L’auto-justice, et le vigilantisme en particulier, c’est-à-dire sa forme la plus organisée et pérenne, ne se réduisent pourtant pas à un répertoire de pratiques contestataires. C’est aussi une idéologie, reposant sur une critique virulente du fonctionnement de la justice officielle, perçue comme trop lente, trop laxiste et trop protectrice des droits des criminels aux dépens de ceux des victimes.
A cette justice officielle, défaillante et compromise avec les forces du désordre, les justiciers opposent le modèle d’une contre-justice aussi bon marché qu’intransigeante, supposée donner corps à la souveraineté populaire.
Si ce discours a pu, à l’occasion, être récupéré par des groupes progressistes, il est plutôt associé à des groupes réactionnaires en froid avec l’État de droit, protégeant leurs acquis et réclamant une sévérité accrue à l’égard des délinquants voire des simples déviants heurtant leur conception de l’ordre et de la morale.
Historiquement, les justiciers hors-la-loi ont plutôt eu tendance à être au service des dominants. Aux Etats-Unis, par exemple, l’archétype du vigilante est un homme blanc, xénophobe, défendant coûte que coûte sa propriété et l’honneur des siens.
Dans bien d’autres contextes, l’auto-justice tend à se confondre avec la préservation de l’ordre établi, menacé par les luttes sociales, raciales, sexuelles ou environnementales.
Défense de la propriété et des frontières communautaires, au sens propre comme au sens figuré, figurent parmi les premières « causes » portées par les mouvements justiciers. Ces affinités électives de l’auto-justice avec le maintien de l’ordre établi font des redresseurs de torts des partenaires naturels des élites politiques et économiques les plus conservatrices, voire franchement réactionnaires.
Dans bien des cas, les justiciers servent aussi de nervis aux industriels, lorsqu’ils ne sous-traitent pas le « sale boulot » des partis politiques. Aux Etats-Unis au début du XXe siècle, par exemple, les vigilantes font la chasse aux « wobblies« , les syndicalistes révolutionnaires de l’IWW (Industrial Workers of the World).
Ces justiciers peuvent aussi mettre leurs réseaux de protection et leurs ressources coercitives au service d’activités d’enrichissement personnel. L’auto-justice peut alors se muer en une entreprise commerciale, licite ou non.
Les justiciers russes ont ainsi transformé leurs chaines Youtube, sur lesquelles ils diffusent leurs « raids » contre différentes sortes de contrevenants, en un véritable fonds de commerce. De manière encore plus controversées, certains justiciers peuvent s’engager dans des activités criminelles : chantage, extorsion, trafics en tous genres.
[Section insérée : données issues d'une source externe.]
text \<open>Part one of the theorem: id - T_R is invertible on the Hermitian operators on H_R,
  because a fixed point of T_R there would have to equal its own limit 0.\<close>
theorem id_minus_T_R_bij: "bij_betw (\<lambda>A. A - R A) (herm_on PR) (herm_on PR)"
proof (rule linear_inj_on_subspace_bij)
  show "linear (\<lambda>A. A - R A)"
    by (intro clinear_linear clinear_minus clinear_R) (simp add: clinear_def)
  show "subspace (herm_on PR)" by (rule subspace_herm_on)
  show "(\<lambda>A. A - R A) ` herm_on PR \<subseteq> herm_on PR"
    using T_R_herm_on subspace_herm_on by (auto intro: subspace_diff)
  show "inj_on (\<lambda>A. A - R A) (herm_on PR)"
  proof (rule inj_onI)
    fix A B assume "A \<in> herm_on PR" "B \<in> herm_on PR" and eq: "A - R A = B - R B"
    then have C: "A - B \<in> herm_on PR"
      using subspace_herm_on by (simp add: subspace_diff)
    have "R (A - B) = A - B"
      using eq by (simp add: clinear_diff[OF clinear_R] algebra_simps)
    then have "(R ^^ n) (A - B) = A - B" for n
      by (induct n) simp_all
    moreover have "(\<lambda>n. (R ^^ n) (A - B)) \<longlonglongrightarrow> 0"
      using C by (intro T_R_power_tendsto_zero) (simp add: herm_on_def)
    ultimately show "A = B" by (simp add: LIMSEQ_const_iff)
  qed
qed

end

section \<open>Absorption into a single invariant block\<close>

text \<open>An invariant block Q \<le> PS that, within H_S, is fed only by itself.\<close>
locale gas_block = gas_split T Ms PS PR for T :: "'n::finite cmat \<Rightarrow> 'n cmat" and Ms PS PR +
  fixes Q :: "'n cmat"
  assumes oQ: "orth_proj Q" and Q_PS: "Q ** PS = Q"
    and block: "\<And>M. M \<in> set Ms \<Longrightarrow> Q ** M ** PS = M ** Q"
begin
LR&LP : Récemment, en France, une grande manifestation a été organisée devant l’Assemblée nationale par les syndicats policiers qui trouvent que la justice les freine dans leur métier. Quelle est votre lecture de cette situation ?
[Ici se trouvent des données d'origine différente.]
(* Let $(M,S)$ be a spanned map, with $M=(H,\sigma,\alpha)$ and face-permutation $\phi=\sigma\alpha$, and let $\theta$ be its motion function. Then $\theta_{|S}=\sigma_{|S}\alpha_{|S}$ and $\theta_{|\bar S}=\phi_{|\bar S}\alpha_{|\bar S}$, where $\bar S=H\setminus S$. That is, $\theta_{|S}$ is the face-permutation of the pseudo map $M_{|S}$ and $\theta_{|\bar S}$ is the face-permutation of the dual pseudo map $M^*_{|\bar S}$. In particular, a spanned map is a covered map if and only if its motion function is a cyclic permutation.
   Context: Permutations compose right to left. A map is $M=(H,\sigma,\alpha)$ with $H$ finite, $\alpha$ a fixed-point-free involution, $\sigma$ a permutation, $\langle\sigma,\alpha\rangle$ transitive on $H$, and a root in $H$; a pseudo map is the same without transitivity. Its face-permutation is $\sigma\alpha$; faces are its cycles; unicellular means one face. For a permutation $\pi$ and $S\subseteq H$, $\pi_{|S}$ is the permutation of $S$ obtained by deleting from the cycles of $\pi$ the elements not in $S$. A spanned map is $(M,S)$ with $S\subseteq H$ stable by $\alpha$; $M_{|S}=(S,\sigma_{|S},\alpha_{|S})$. The dual map is $M^*=(H,\phi,\alpha)$, so $M^*_{|\bar S}=(\bar S,\phi_{|\bar S},\alpha_{|\bar S})$. $(M,S)$ is a covered map if $M_{|S}$ is a connecting unicellular map: $\sigma_{|S},\alpha_{|S}$ act transitively on $S$, $S$ contains a half-edge of every cycle of $\sigma$ (except that $S=\emptyset$ is allowed when $\sigma$ has a single cycle), and $\sigma_{|S}\alpha_{|S}$ is cyclic. The motion function is $\theta(h)=\sigma\alpha(h)$ if $h\in S$ and $\theta(h)=\sigma(h)$ if $h\notin S$. *)

theory Defs
  imports "HOL-Combinatorics.Permutations"
begin

text \<open>Permutations are functions that permute the finite set H (identity outside H).
  Composition is right to left: the face permutation is \<sigma> \<circ> \<alpha>.\<close>

definition fpf_involution :: "'a set \<Rightarrow> ('a \<Rightarrow> 'a) \<Rightarrow> bool" where
  "fpf_involution H \<alpha> \<longleftrightarrow> \<alpha> permutes H \<and> (\<forall>h\<in>H. \<alpha> (\<alpha> h) = h \<and> \<alpha> h \<noteq> h)"

definition pseudo_map :: "'a set \<Rightarrow> ('a \<Rightarrow> 'a) \<Rightarrow> ('a \<Rightarrow> 'a) \<Rightarrow> 'a \<Rightarrow> bool" where
  "pseudo_map H \<sigma> \<alpha> r \<longleftrightarrow> finite H \<and> fpf_involution H \<alpha> \<and> \<sigma> permutes H \<and> r \<in> H"

definition transitive_on :: "'a set \<Rightarrow> ('a \<Rightarrow> 'a) \<Rightarrow> ('a \<Rightarrow> 'a) \<Rightarrow> bool" where
  "transitive_on H \<sigma> \<alpha> \<longleftrightarrow>
     (\<forall>x\<in>H. \<forall>y\<in>H. (x, y) \<in> ({(z, \<sigma> z) | z. z \<in> H} \<union> {(z, \<alpha> z) | z. z \<in> H})\<^sup>*)"

definition is_map :: "'a set \<Rightarrow> ('a \<Rightarrow> 'a) \<Rightarrow> ('a \<Rightarrow> 'a) \<Rightarrow> 'a \<Rightarrow> bool" where
  "is_map H \<sigma> \<alpha> r \<longleftrightarrow> pseudo_map H \<sigma> \<alpha> r \<and> transitive_on H \<sigma> \<alpha>"

definition face_perm :: "('a \<Rightarrow> 'a) \<Rightarrow> ('a \<Rightarrow> 'a) \<Rightarrow> 'a \<Rightarrow> 'a" where
  "face_perm \<sigma> \<alpha> = \<sigma> \<circ> \<alpha>"

text \<open>The induced permutation \<pi>_{|S}: delete from the cycles of \<pi> the elements not in S,
  i.e. map x \<in> S to the first return of its \<pi>-orbit into S; identity outside S.\<close>
definition restrict_perm :: "('a \<Rightarrow> 'a) \<Rightarrow> 'a set \<Rightarrow> 'a \<Rightarrow> 'a" where
  "restrict_perm \<pi> S x =
     (if x \<in> S then (\<pi> ^^ (LEAST k. 0 < k \<and> (\<pi> ^^ k) x \<in> S)) x else x)"

definition cyclic_on :: "('a \<Rightarrow> 'a) \<Rightarrow> 'a set \<Rightarrow> bool" where
  "cyclic_on \<pi> S \<longleftrightarrow> (\<forall>x\<in>S. \<forall>y\<in>S. \<exists>n. (\<pi> ^^ n) x = y)"

definition spanned_map :: "'a set \<Rightarrow> ('a \<Rightarrow> 'a) \<Rightarrow> ('a \<Rightarrow> 'a) \<Rightarrow> 'a \<Rightarrow> 'a set \<Rightarrow> bool" where
  "spanned_map H \<sigma> \<alpha> r S \<longleftrightarrow> is_map H \<sigma> \<alpha> r \<and> S \<subseteq> H \<and> \<alpha> ` S \<subseteq> S"

definition motion :: "('a \<Rightarrow> 'a) \<Rightarrow> ('a \<Rightarrow> 'a) \<Rightarrow> 'a set \<Rightarrow> 'a \<Rightarrow> 'a" where
  "motion \<sigma> \<alpha> S h = (if h \<in> S then \<sigma> (\<alpha> h) else \<sigma> h)"

text \<open>M_{|S} is a connecting unicellular map.\<close>
definition covered_map :: "'a set \<Rightarrow> ('a \<Rightarrow> 'a) \<Rightarrow> ('a \<Rightarrow> 'a) \<Rightarrow> 'a \<Rightarrow> 'a set \<Rightarrow> bool" where
  "covered_map H \<sigma> \<alpha> r S \<longleftrightarrow>
     spanned_map H \<sigma> \<alpha> r S \<and>
     transitive_on S (restrict_perm \<sigma> S) (restrict_perm \<alpha> S) \<and>
     ((\<forall>x\<in>H. \<exists>k. (\<sigma> ^^ k) x \<in> S) \<or> (S = {} \<and> cyclic_on \<sigma> H)) \<and>
     cyclic_on (face_perm (restrict_perm \<sigma> S) (restrict_perm \<alpha> S)) S"

end

theory Submission imports Defs begin

text \<open>On S the motion function is \<sigma>\<alpha>; off S it is \<sigma> = (\<sigma>\<alpha>)\<alpha>, as \<alpha> is an involution
  stabilising S. In both cases \<theta> equals f \<circ> a on a set T stable under a, and f off T. The
  \<theta>-orbit of x \<in> T then shadows the f-orbit of a x until that orbit re-enters T, so
  \<theta>_{|T} = f_{|T} a_{|T}. For the last claim: \<theta> and \<sigma> agree off S, so their orbits meet S
  from the same half-edges; a permutation all of whose orbits meet S is cyclic exactly when its
  restriction to S is, and a cyclic face permutation \<sigma>_{|S}\<alpha>_{|S} already makes
  \<langle>\<sigma>_{|S}, \<alpha>_{|S}\<rangle> transitive on S.\<close>

lemma funpow_eq_if_avoids:
  assumes "\<And>z. z \<notin> T \<Longrightarrow> g z = f z" and "\<forall>i<n. (f ^^ i) x \<notin> T"
  shows "(g ^^ n) x = (f ^^ n) x"
  using assms(2) by (induction n) (auto simp: assms(1))

lemma reaches_iff_if_agree_off:
  assumes "\<And>z. z \<notin> T \<Longrightarrow> g z = f z"
  shows "(\<exists>k. (g ^^ k) x \<in> T) \<longleftrightarrow> (\<exists>k. (f ^^ k) x \<in> T)"
proof -
  have reach: "\<exists>k. (q ^^ k) x \<in> T"
    if agree: "\<And>z. z \<notin> T \<Longrightarrow> q z = p z" and "\<exists>k. (p ^^ k) x \<in> T" for p q
  proof -
    define k where "k = (LEAST k. (p ^^ k) x \<in> T)"
    have "(p ^^ k) x \<in> T" unfolding k_def using that(2) by (rule LeastI_ex)
    moreover have "\<forall>i<k. (p ^^ i) x \<notin> T" unfolding k_def using not_less_Least by blast
    then have "(q ^^ k) x = (p ^^ k) x" using funpow_eq_if_avoids[of T q p k x] agree by blast
    ultimately show ?thesis by (intro exI[where x=k]) simp
  qed
  have "\<And>z. z \<notin> T \<Longrightarrow> f z = g z" using assms by simp
  then show ?thesis using reach[of g f, OF assms] reach[of f g] by blast
qed

lemma restrict_perm_outside [simp]: "x \<notin> T \<Longrightarrow> restrict_perm f T x = x"
  by (simp add: restrict_perm_def)

lemma restrict_perm_eq_apply:
  assumes "x \<in> T" and "f x \<in> T"
  shows "restrict_perm f T x = f x"
proof -
  have "(LEAST k. 0 < k \<and> (f ^^ k) x \<in> T) = 1"
    by (rule Least_equality) (use assms in auto)
  then show ?thesis using assms by (simp add: restrict_perm_def)
qed

lemma restrict_perm_in:
  assumes "permutation f" and "x \<in> T"
  shows "restrict_perm f T x \<in> T"
proof -
  obtain n where "0 < n" "(f ^^ n) x = x" using permutation_self[OF assms(1)] .
  then have return: "\<exists>k. 0 < k \<and> (f ^^ k) x \<in> T" using assms(2) by auto
  show ?thesis using LeastI_ex[OF return] assms(2) unfolding restrict_perm_def by simp
qed

lemma restrict_perm_eq_if_first_step:
  assumes "x \<in> T" and "y \<in> T" and "g x = f y" and agree: "\<And>z. z \<notin> T \<Longrightarrow> g z = f z"
    and "permutation f"
  shows "restrict_perm g T x = restrict_perm f T y"
proof -
  obtain n where "0 < n" "(f ^^ n) y = y" using permutation_self[OF assms(5)] .
  then have ex: "\<exists>k. 0 < k \<and> (f ^^ k) y \<in> T" using assms(2) by auto
  define m where "m = (LEAST k. 0 < k \<and> (f ^^ k) y \<in> T)"
  have m: "0 < m" "(f ^^ m) y \<in> T" unfolding m_def using LeastI_ex[OF ex] by auto
  have before_m: "(f ^^ i) y \<notin> T" if "0 < i" "i < m" for i
    using not_less_Least[of i] that unfolding m_def by blast
  have shadow: "(g ^^ j) x = (f ^^ j) y" if "0 < j" "j \<le> m" for j
  proof -
    obtain i where j: "j = Suc i" using \<open>0 < j\<close> gr0_implies_Suc by blast
    have "\<forall>i'<i. (f ^^ i') (f y) \<notin> T"
    proof (intro allI impI)
      fix i' assume "i' < i"
      then have "0 < Suc i'" "Suc i' < m" using j that(2) by simp_all
      then have "(f ^^ Suc i') y \<notin> T" by (rule before_m)
      then show "(f ^^ i') (f y) \<notin> T" by (metis funpow_Suc_right o_apply)
    qed
    then have "(g ^^ i) (f y) = (f ^^ i) (f y)" using funpow_eq_if_avoids[of T g f] agree by blast
    then show ?thesis using j assms(3) by (metis funpow_Suc_right o_apply)
  qed
  have "(LEAST k. 0 < k \<and> (g ^^ k) x \<in> T) = m"
  proof (rule Least_equality)
    show "0 < m \<and> (g ^^ m) x \<in> T" using m shadow by simp
  next
    fix k assume "0 < k \<and> (g ^^ k) x \<in> T"
    then show "m \<le> k" using shadow before_m by (metis less_imp_le_nat not_le_imp_less)
  qed
  then show ?thesis using assms(1,2) shadow m unfolding restrict_perm_def m_def by simp
qed

lemma restrict_perm_eq_face_perm_if_agree:
  assumes "permutation f" and "a ` T \<subseteq> T"
    and inside: "\<And>x. x \<in> T \<Longrightarrow> g x = f (a x)" and outside: "\<And>z. z \<notin> T \<Longrightarrow> g z = f z"
  shows "restrict_perm g T = face_perm (restrict_perm f T) (restrict_perm a T)"
proof
  fix x
  show "restrict_perm g T x = face_perm (restrict_perm f T) (restrict_perm a T) x"
  proof (cases "x \<in> T")
    case True
    then have "a x \<in> T" using assms(2) by blast
    then have "restrict_perm g T x = restrict_perm f T (a x)"
      using restrict_perm_eq_if_first_step True inside outside assms(1) by metis
    then show ?thesis using True \<open>a x \<in> T\<close> by (simp add: face_perm_def restrict_perm_eq_apply)
  qed (simp add: face_perm_def)
qed

lemma restrict_perm_funpow: "\<exists>n. (restrict_perm g T ^^ m) x = (g ^^ n) x"
proof (induction m arbitrary: x)
  case 0 then show ?case by (metis funpow_0)
next
  case (Suc m)
  obtain n where "(restrict_perm g T ^^ m) (restrict_perm g T x) = (g ^^ n) (restrict_perm g T x)"
    using Suc by blast
  moreover obtain l where "restrict_perm g T x = (g ^^ l) x"
    unfolding restrict_perm_def by (metis funpow_0)
  ultimately show ?case by (metis funpow_Suc_right funpow_add o_apply)
qed

lemma cyclic_on_restrict_perm:
  assumes "cyclic_on g H" and "T \<subseteq> H"
  shows "cyclic_on (restrict_perm g T) T"
  unfolding cyclic_on_def
proof (intro ballI)
  fix x y assume "x \<in> T" "y \<in> T"
  then obtain n where "(g ^^ n) x = y" using assms unfolding cyclic_on_def by blast
  then show "\<exists>m. (restrict_perm g T ^^ m) x = y" using \<open>x \<in> T\<close>
  proof (induction n arbitrary: x rule: less_induct)
    case (less n x)
    show ?case
    proof (cases "n = 0")
      case True then show ?thesis using less by (metis funpow_0)
    next
      case False
      define l where "l = (LEAST k. 0 < k \<and> (g ^^ k) x \<in> T)"
      have hit: "0 < n \<and> (g ^^ n) x \<in> T" using False less \<open>y \<in> T\<close> by simp
      have l: "0 < l" "(g ^^ l) x \<in> T" "l \<le> n"
        unfolding l_def using LeastI[where P="\<lambda>k. 0 < k \<and> (g ^^ k) x \<in> T", OF hit]
          Least_le[where P="\<lambda>k. 0 < k \<and> (g ^^ k) x \<in> T", OF hit] by auto
      have "restrict_perm g T x = (g ^^ l) x" using less(3) unfolding restrict_perm_def l_def by simp
      moreover have "(g ^^ (n - l)) ((g ^^ l) x) = y"
        using less(2) l(3) by (metis funpow_add le_add_diff_inverse2 o_apply)
      ultimately obtain m where "(restrict_perm g T ^^ m) (restrict_perm g T x) = y"
        using less(1)[of "n - l"] l by auto
      then show ?thesis by (metis funpow_Suc_right o_apply)
    qed
  qed
qed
Nous sommes inquiets de constater l’alignement des syndicats policiers sur une position de plus en plus critique vis-à-vis de l’Etat de droit, provoquant des effets de surenchère aux effets délétères.
Quelques jours avant cette manifestation, on a même entendu un syndicat policier, certes minoritaire, faire l’éloge de la guerre à la drogue menée par le Président Rodrigo Duterte aux Philippines, qui s’est soldée par des dizaines de milliers d’exécutions sommaires !
Cette surenchère s’observe également au sein de la classe politique, notamment à droite où chacun essaie de se distinguer par des propos radicalement critiques vis-à-vis du prétendu laxisme de la justice.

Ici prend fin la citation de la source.